Into the Odd and its compatriots are another great synthesis. Characters have base attributes that are worn down over the course of the day/week/adventure. The wrinkle is that you roll saving throws against the current value of the attribute, so as your bar ticks down and starts blinking red, you also know that risky strength-based moves are going to be far less likely to succeed. The other part of the ItO formula is the additional attribute of “HP” (Hit Protection) or Guard; while your character still has Guard, they have not yet been actually struck by a blow. Eventually, however, players start taking damage to their STR or MGT and are at risk of being incapacitated or slain. The cute use of HP in ItO, Mausritter, and Electric Bastionland always tripped me up because it seemed like on average, a single hit would take out your “HP”, but then you have a second chunk of “HP”, as in hit points, in your strength stat. The switch in Mythic Bastionland to “Guard” made this completely click for me.
HP is a Land of Contrasts
If you can’t tell, I think all three approaches are good for different systems and tones, but it’s important to be intentional about what you’re trying to achieve. That’s been the thrust of, like, every post I’ve made though. I think it’s thematically more interesting when dealing with harm makes adventuring harder, because HP in all forms is a pacing mechanism. That said, if taking damage makes adventuring or fighting harder, it changes the tactical envelope of the game. If I want a predictable tactics-based game centered around setpiece encounters, I will probably opt for a classic HP bar! For my money, I enjoy running and playing games that tend toward Rejector or Synthesizer, and right now the playtest rules for our poker game are more in the Synthesizer camp.

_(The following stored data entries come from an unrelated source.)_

(* Let $c>0$ and $\lambda_1\le\lambda_2\le\dots\le\lambda_n$ be in $[0,1]$. The problem $\min_{w\in\Delta_n}\big(\|w\|_2^2+c(w^\top\lambda)^2\big)$ has a unique minimizer $w^*$, and it is given as follows. For $k\in[n]$ write $S_1(k)=\sum_{i\le k}\lambda_i$, $S_2(k)=\sum_{i\le k}\lambda_i^2$, and $\rho(k)=\frac{1+cS_2(k)}{cS_1(k)}$ (with $\rho(k)=+\infty$ if $S_1(k)=0$). Let $m$ be the largest $k\in[n]$ such that $\lambda_{j+1}<\rho(j)$ for all $1\le j<k$ (i.e., start from $k=1$ and increase $k$ while $k<n$ and $\lambda_{k+1}<\rho(k)$). Set \[ \beta=\frac{1+cS_2(m)}{m(1+cS_2(m))-cS_1(m)^2},\qquad \alpha=\frac{cS_1(m)\,\beta}{1+cS_2(m)}. \] Then $w^*_i=\beta-\alpha\lambda_i$ for $i\le m$ and $w^*_i=0$ for $i>m$. Moreover $w^*_i=(\beta'-c(w^{*\top}\lambda)\lambda_i)_+$ for all $i$ and a suitable scalar $\beta'$.
   Context: $\Delta_n=\{w\in\mathbb R^n:w_i\ge0,\ \sum_iw_i=1\}$; $(x)_+=\max\{x,0\}$. *)

theory Defs
  imports Complex_Main "HOL-Library.Extended_Real"
begin

text \<open>Vectors in R^n are represented as functions nat => real indexed by {1..n}.
  The simplex Delta_n: nonnegative entries on {1..n} summing to 1, and zero outside {1..n}
  (so that uniqueness of the minimizer is meaningful).\<close>
definition simplex :: "nat \<Rightarrow> (nat \<Rightarrow> real) set" where
  "simplex n = {w. (\<forall>i\<in>{1..n}. 0 \<le> w i) \<and> (\<Sum>i=1..n. w i) = 1 \<and> (\<forall>i. i \<notin> {1..n} \<longrightarrow> w i = 0)}"

definition obj :: "nat \<Rightarrow> real \<Rightarrow> (nat \<Rightarrow> real) \<Rightarrow> (nat \<Rightarrow> real) \<Rightarrow> real" where
  "obj n c lam w = (\<Sum>i=1..n. (w i)^2) + c * (\<Sum>i=1..n. w i * lam i)^2"

definition S1 :: "(nat \<Rightarrow> real) \<Rightarrow> nat \<Rightarrow> real" where
  "S1 lam k = (\<Sum>i=1..k. lam i)"

definition S2 :: "(nat \<Rightarrow> real) \<Rightarrow> nat \<Rightarrow> real" where
  "S2 lam k = (\<Sum>i=1..k. (lam i)^2)"

definition rho :: "real \<Rightarrow> (nat \<Rightarrow> real) \<Rightarrow> nat \<Rightarrow> ereal" where
  "rho c lam k = (if S1 lam k = 0 then \<infinity> else ereal ((1 + c * S2 lam k) / (c * S1 lam k)))"

definition mstar :: "nat \<Rightarrow> real \<Rightarrow> (nat \<Rightarrow> real) \<Rightarrow> nat" where
  "mstar n c lam = (GREATEST k. k \<in> {1..n} \<and> (\<forall>j. 1 \<le> j \<and> j < k \<longrightarrow> ereal (lam (j+1)) < rho c lam j))"

definition betaw :: "real \<Rightarrow> (nat \<Rightarrow> real) \<Rightarrow> nat \<Rightarrow> real" where
  "betaw c lam m = (1 + c * S2 lam m) / (real m * (1 + c * S2 lam m) - c * (S1 lam m)^2)"

definition alphaw :: "real \<Rightarrow> (nat \<Rightarrow> real) \<Rightarrow> nat \<Rightarrow> real" where
  "alphaw c lam m = c * S1 lam m * betaw c lam m / (1 + c * S2 lam m)"

end

theory Submission
  imports Defs
begin

(* The objective |w|^2 + c (w.lam)^2 is a strictly convex quadratic. If w lies in the simplex and
   has the water-filling form w_i = (b - c (w.lam) lam_i)_+, i.e. satisfies the KKT conditions,
   then expanding the objective around w and using the first-order inequality gives
   obj v >= obj w + |v - w|^2 on the simplex, so w is the unique minimizer.

   The explicit w* has this form with b = beta and c (w*.lam) = alpha: up to the positive factor
   m (1 + c S2(m)) - c S1(m)^2, its i-th entry is 1 + c S2(m) - c S1(m) lam_i. For i = k + 1 this
   equals 1 + c S2(k) - c S1(k) lam_(k+1), which is positive exactly when lam_(k+1) < rho(k).
   So the stopping rule defining m makes the numerator positive at i = m, hence at all i <= m
   since lam is sorted, and nonpositive at all i > m. *)

(* b is the Lagrange multiplier of the constraint sum w = 1 *)
definition is_kkt_point :: "nat \<Rightarrow> real \<Rightarrow> (nat \<Rightarrow> real) \<Rightarrow> (nat \<Rightarrow> real) \<Rightarrow> real \<Rightarrow> bool" where
  "is_kkt_point n c lam w b \<longleftrightarrow>
     (\<forall>i\<in>{1..n}. w i = max 0 (b - c * (\<Sum>j=1..n. w j * lam j) * lam i))"
(* For any $a,b\in M^*$, the intersection $S_a\cap S_b^{\varphi}$ contains at most one point, where $S_b^{\varphi}=\{F(c^qb^q+ci): c\in M^*\}$.
   Context: Let $q$ be a prime power, $n>1$ an integer, $F=\mathbb F_q\subset M=\mathbb F_{q^n}\subset L=\mathbb F_{q^{2n}}$. Regard $L$ as a $2n$-dimensional $F$-vector space; $\mathrm{PG}(2n-1,q)$ has as points the subspaces $Fz$, $z\in L^*$. Fix $i\in L\setminus M$, so every $z\in L$ is uniquely $z=a+ib$ with $a,b\in M$. For $a\in M$ let $S_a=\{F c(a+i): c\in M^*\}$. Let $\hat\varphi:L\to L$ be the $F$-linear bijection $\hat\varphi(a+ib)=a^q+ib$ ($a,b\in M$) and $\varphi$ the induced projectivity of $\mathrm{PG}(2n-1,q)$; $S_b^\varphi$ denotes the image of $S_b$ under $\varphi$. *)

theory Defs
  imports "HOL-Computational_Algebra.Primes" "HOL-Library.Cardinality"
begin

text \<open>L is modelled as a finite field type of cardinality q^(2n).
  The subfield F = GF(q) is the fixed field of x \<mapsto> x^q,
  the subfield M = GF(q^n) is the fixed field of x \<mapsto> x^(q^n).\<close>

definition subF :: "nat \<Rightarrow> 'a::field set" where
  "subF q = {x. x ^ q = x}"

definition subM :: "nat \<Rightarrow> nat \<Rightarrow> 'a::field set" where
  "subM q n = {x. x ^ (q ^ n) = x}"

text \<open>The projective point F z (the 1-dimensional F-subspace spanned by z).\<close>
definition pt :: "'a::field set \<Rightarrow> 'a \<Rightarrow> 'a set" where
  "pt F z = (\<lambda>f. f * z) ` F"

definition Sset :: "'a::field set \<Rightarrow> 'a set \<Rightarrow> 'a \<Rightarrow> 'a \<Rightarrow> 'a set set" where
  "Sset F M i a = {pt F (c * (a + i)) | c. c \<in> M \<and> c \<noteq> 0}"

definition phihat :: "nat \<Rightarrow> 'a::field set \<Rightarrow> 'a \<Rightarrow> 'a \<Rightarrow> 'a" where
  "phihat q M i z =
     (case (THE (a, b). a \<in> M \<and> b \<in> M \<and> z = a + i * b) of (a, b) \<Rightarrow> a ^ q + i * b)"

definition phi :: "nat \<Rightarrow> 'a::field set \<Rightarrow> 'a \<Rightarrow> 'a set \<Rightarrow> 'a set" where
  "phi q M i P = phihat q M i ` P"

end

theory Submission
  imports Defs "HOL-Number_Theory.Residues"
begin

text \<open>Write points of \<open>L\<close> as \<open>u + i v\<close> with \<open>u, v \<in> M\<close>. The map \<open>\<hat>\<phi>\<close> fixes \<open>i\<close>, so it sends
  the point \<open>F c(b + i)\<close> of \<open>S\<^sub>b\<close> to \<open>F(c\<^sup>q b\<^sup>q + c i)\<close>. Comparing \<open>M\<close>-coordinates, this point
  lies in \<open>S\<^sub>a\<close> iff it equals \<open>F c(a + i)\<close> with \<open>c a = c\<^sup>q b\<^sup>q\<close>. Two nonzero solutions \<open>c, c'\<close>
  of this equation have a quotient \<open>r = c'/c\<close> with \<open>r\<^sup>q = r\<close>, i.e. \<open>r \<in> F\<^sup>*\<close>, so they
  span the same projective point.\<close>

lemma CHAR_eq_prime_of_card:
  fixes p :: nat
  assumes "prime p" "CARD('a::{field,finite}) = p ^ m"
  shows "CHAR('a) = p"
proof -
  have prime_char: "prime CHAR('a)"
    by (rule prime_CHAR_semidom) (rule finite_imp_CHAR_pos, simp)
  have "CHAR('a) dvd p ^ m" using CHAR_dvd_CARD[where 'a='a] assms(2) by simp
  hence "CHAR('a) dvd p" using prime_char prime_dvd_power by blast
  thus ?thesis using prime_char assms(1) primes_dvd_imp_eq by blast
qed

lemma power_power_fixed:
  fixes x :: "'a::monoid_mult"
  assumes "x ^ q = x"
  shows "x ^ (q ^ n) = x"
proof (induction n)
  case (Suc n)
  have "x ^ (q ^ Suc n) = (x ^ q) ^ (q ^ n)" by (simp add: power_mult mult.commute)
  thus ?case using assms Suc by simp
qed simp

lemma subF_subset_subM: "subF q \<subseteq> (subM q n :: 'a::field set)"
  unfolding subF_def subM_def using power_power_fixed by blast

lemma pt_mult_subF:
  fixes r z :: "'a::field"
  assumes "r \<in> subF q" "r \<noteq> 0"
  shows "pt (subF q) (r * z) = pt (subF q) z"
proof -
  have closed: "f * r \<in> subF q" "f / r \<in> subF q" if "f \<in> subF q" for f
    using that assms unfolding subF_def by (simp_all add: power_mult_distrib power_divide)
  show ?thesis
  proof
    show "pt (subF q) (r * z) \<subseteq> pt (subF q) z"
    proof
      fix w assume "w \<in> pt (subF q) (r * z)"
      then obtain f where "f \<in> subF q" "w = (f * r) * z" unfolding pt_def by auto
      thus "w \<in> pt (subF q) z" unfolding pt_def using closed by blast
    qed
    show "pt (subF q) z \<subseteq> pt (subF q) (r * z)"
    proof
      fix w assume "w \<in> pt (subF q) z"
      then obtain f where "f \<in> subF q" "w = f * z" unfolding pt_def by auto
      moreover have "w = (f / r) * (r * z)" using \<open>w = f * z\<close> assms by simp
      ultimately show "w \<in> pt (subF q) (r * z)" unfolding pt_def using closed by blast
    qed
  qed
qed

locale subfield_tower =
  fixes q n k :: nat and i :: "'a::{field,finite}"
  assumes prime_CHAR: "prime CHAR('a)"
    and q_CHAR_power: "q = CHAR('a) ^ k"
    and i_notin_subM: "i \<notin> subM q n"
begin

abbreviation "F \<equiv> subF q :: 'a set"
abbreviation "M \<equiv> subM q n :: 'a set"

lemma subM_iff: "x \<in> M \<longleftrightarrow> x ^ CHAR('a) ^ (k * n) = x"
  unfolding subM_def q_CHAR_power by (simp add: power_mult)

lemma subM_diff: "x \<in> M \<Longrightarrow> y \<in> M \<Longrightarrow> x - y \<in> M"
proof -
  assume xy: "x \<in> M" "y \<in> M"
  have "x ^ CHAR('a) ^ (k * n) = (x - y) ^ CHAR('a) ^ (k * n) + y ^ CHAR('a) ^ (k * n)"
    using freshmans_dream'[OF prime_CHAR refl, of "x - y" y] by simp
  hence "(x - y) ^ CHAR('a) ^ (k * n) = x - y" using xy unfolding subM_iff by (simp add: eq_diff_eq)
  thus "x - y \<in> M" unfolding subM_iff .
qed

lemma subM_mult: "x \<in> M \<Longrightarrow> y \<in> M \<Longrightarrow> x * y \<in> M"
  unfolding subM_def by (simp add: power_mult_distrib)

lemma subM_divide: "x \<in> M \<Longrightarrow> y \<in> M \<Longrightarrow> x / y \<in> M"
  unfolding subM_def by (simp add: power_divide)

lemma subM_power_q: "x \<in> M \<Longrightarrow> x ^ q \<in> M"
proof -
  assume "x \<in> M"
  have "(x ^ q) ^ (q ^ n) = (x ^ (q ^ n)) ^ q" by (simp flip: power_mult add: mult.commute)
  also have "\<dots> = x ^ q" using \<open>x \<in> M\<close> unfolding subM_def by simp
  finally show "x ^ q \<in> M" unfolding subM_def by simp
qed

lemma subM_coordinates_unique:
  assumes "u \<in> M" "u' \<in> M" "v \<in> M" "v' \<in> M" "u + i * v = u' + i * v'"
  shows "u = u' \<and> v = v'"
proof (cases "v = v'")
  case False
  have "i = (u' - u) / (v - v')"
    using assms(5) False by (simp add: field_simps)
  hence "i \<in> M" using assms(1-4) subM_diff subM_divide by simp
  thus ?thesis using i_notin_subM by simp
qed (use assms in simp)

lemma phihat_coordinates:
  assumes "u \<in> M" "v \<in> M"
  shows "phihat q M i (u + i * v) = u ^ q + i * v"
proof -
  have "(THE (u', v'). u' \<in> M \<and> v' \<in> M \<and> u + i * v = u' + i * v') = (u, v)"
    by (rule the_equality) (use assms subM_coordinates_unique in auto)
  thus ?thesis unfolding phihat_def by simp
qed

lemma phi_pt:
  assumes "b \<in> M" "c \<in> M"
  shows "phi q M i (pt F (c * (b + i))) = pt F (c ^ q * b ^ q + c * i)"
proof -
  have "phihat q M i (f * (c * (b + i))) = f * (c ^ q * b ^ q + c * i)" if "f \<in> F" for f
  proof -
    have "f * c * b \<in> M" "f * c \<in> M"
      using that assms subF_subset_subM subM_mult by blast+
    hence "phihat q M i (f * c * b + i * (f * c)) = (f * c * b) ^ q + i * (f * c)"
      by (rule phihat_coordinates)
    moreover have "f ^ q = f" using that unfolding subF_def by simp
    ultimately show ?thesis by (simp add: power_mult_distrib algebra_simps)
  qed
  thus ?thesis unfolding phi_def pt_def by (auto simp: image_image intro!: image_cong)
qed

lemma phi_Sset:
  assumes "b \<in> M"
  shows "phi q M i ` Sset F M i b = {pt F (c ^ q * b ^ q + c * i) | c. c \<in> M \<and> c \<noteq> 0}"
  unfolding Sset_def using phi_pt[OF assms] by blast

lemma Sset_inter_phi_Sset_point:
  assumes "a \<in> M" "b \<in> M" "P \<in> Sset F M i a \<inter> phi q M i ` Sset F M i b"
  obtains c where "c \<noteq> 0" "c * a = c ^ q * b ^ q" "P = pt F (c * (a + i))"
proof -
  obtain c where c: "c \<in> M" "P = pt F (c * (a + i))"
    using assms(3) unfolding Sset_def by blast
  obtain d where d: "d \<in> M" "d \<noteq> 0" "P = pt F (d ^ q * b ^ q + d * i)"
    using assms(2,3) phi_Sset by auto
  have "1 \<in> F" unfolding subF_def by simp
  hence "d ^ q * b ^ q + d * i \<in> P" unfolding d(3) pt_def by force
  then obtain f where "f \<in> F" "d ^ q * b ^ q + d * i = f * (c * (a + i))"
    unfolding c(2) pt_def by auto
  then have f: "f \<in> F" "d ^ q * b ^ q + i * d = f * c * a + i * (f * c)"
    by (simp_all add: algebra_simps)
  have "d ^ q * b ^ q \<in> M" using d(1) assms(2) subM_mult subM_power_q by simp
  moreover have "f * c * a \<in> M" "f * c \<in> M"
    using f(1) c(1) assms(1) subF_subset_subM subM_mult by blast+
  ultimately have "d ^ q * b ^ q = f * c * a \<and> d = f * c"
    using subM_coordinates_unique d(1) f(2) by blast
  hence "d * a = d ^ q * b ^ q" "P = pt F (d * (a + i))"
    using d(3) by (auto simp: algebra_simps)
  with d(2) show thesis by (rule that)
qed

lemma pt_eq_of_same_equation:
  assumes "b \<noteq> 0" "c \<noteq> 0" "c' \<noteq> 0" "c * a = c ^ q * b ^ q" "c' * a = c' ^ q * b ^ q"
  shows "pt F (c' * (a + i)) = pt F (c * (a + i))"
proof (cases "a = 0")
  case True
  thus ?thesis using assms by simp
next
  case False
  define r where "r = c' / c"
  have "b ^ q \<noteq> 0" using assms(1) by simp
  hence "c ^ q = c * a / b ^ q" "c' ^ q = c' * a / b ^ q"
    using assms(4,5) by (simp_all add: eq_divide_eq)
  hence "r ^ q = (c' * a / b ^ q) / (c * a / b ^ q)"
    unfolding r_def by (simp add: power_divide)
  also have "\<dots> = r" unfolding r_def using False \<open>b ^ q \<noteq> 0\<close> by simp
  finally have "r \<in> F" unfolding subF_def by simp
  moreover have "r \<noteq> 0" "c' * (a + i) = r * (c * (a + i))"
    unfolding r_def using assms by simp_all
  ultimately show ?thesis using pt_mult_subF by metis
qed

lemma card_Sset_inter_phi_Sset_le_1:
  assumes "a \<in> M" "b \<in> M" "b \<noteq> 0"
  shows "card (Sset F M i a \<inter> phi q M i ` Sset F M i b) \<le> 1"
proof -
  have "P = P'" if P: "P \<in> Sset F M i a \<inter> phi q M i ` Sset F M i b"
    and P': "P' \<in> Sset F M i a \<inter> phi q M i ` Sset F M i b" for P P'
  proof -
    obtain c where c: "c \<noteq> 0" "c * a = c ^ q * b ^ q" "P = pt F (c * (a + i))"
      using Sset_inter_phi_Sset_point[OF assms(1,2) P] .
    obtain c' where c': "c' \<noteq> 0" "c' * a = c' ^ q * b ^ q" "P' = pt F (c' * (a + i))"
      using Sset_inter_phi_Sset_point[OF assms(1,2) P'] .
    have "pt F (c' * (a + i)) = pt F (c * (a + i))"
      using pt_eq_of_same_equation[OF assms(3) c(1) c'(1) c(2) c'(2)] .
    thus "P = P'" using c(3) c'(3) by simp
  qed
  thus ?thesis by (simp add: card_le_Suc0_iff_eq)
qed

end

theorem mainTheorem9:
  fixes q n :: nat and i a b :: "'a::{field,finite}"
  assumes "\<exists>p k. prime (p::nat) \<and> k > 0 \<and> q = p ^ k"
    and "n > 1"
    and "CARD('a) = q ^ (2 * n)"
    and "i \<notin> subM q n"
    and "a \<in> subM q n" and "a \<noteq> 0"
    and "b \<in> subM q n" and "b \<noteq> 0"
  shows "card (Sset (subF q) (subM q n) i a
               \<inter> phi q (subM q n) i ` Sset (subF q) (subM q n) i b) \<le> 1"
proof -
  obtain p k where pk: "prime p" "q = p ^ k" using assms(1) by blast
  have "CARD('a) = p ^ (k * (2 * n))" using assms(3) pk by (simp add: power_mult)
  hence "CHAR('a) = p" by (rule CHAR_eq_prime_of_card[OF pk(1)])
  hence "subfield_tower q n k i"
    using pk assms(4) by unfold_locales simp_all
  thus ?thesis using assms(5,7,8) by (rule subfield_tower.card_Sset_inter_phi_Sset_le_1)
qed

end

Player characters have a pool of poker chips allocated to their four stats, collectively called their Reserves. During exploration, you will probably encounter stressful situations. If you want to expend effort to change the stakes of the task or you believe that the task would require your adrenaline to flow and blood to pump, then you can spend a Reserve. Reserves are also Anted for certain types of combat actions. When the outcome of a task is uncertain, players Save against their Base Stat + Remaining Reserve, so we have a similar attritive tempo to an ItO system. In combat, incoming damage is dealt to the player’s Reserves as a lump sum.
What do you think? Am I missing categories here? I’d love to do a Dwiz-style “summary of every HP method” but like 90% of all games would be DnD style HP Bars, maybe with a twist.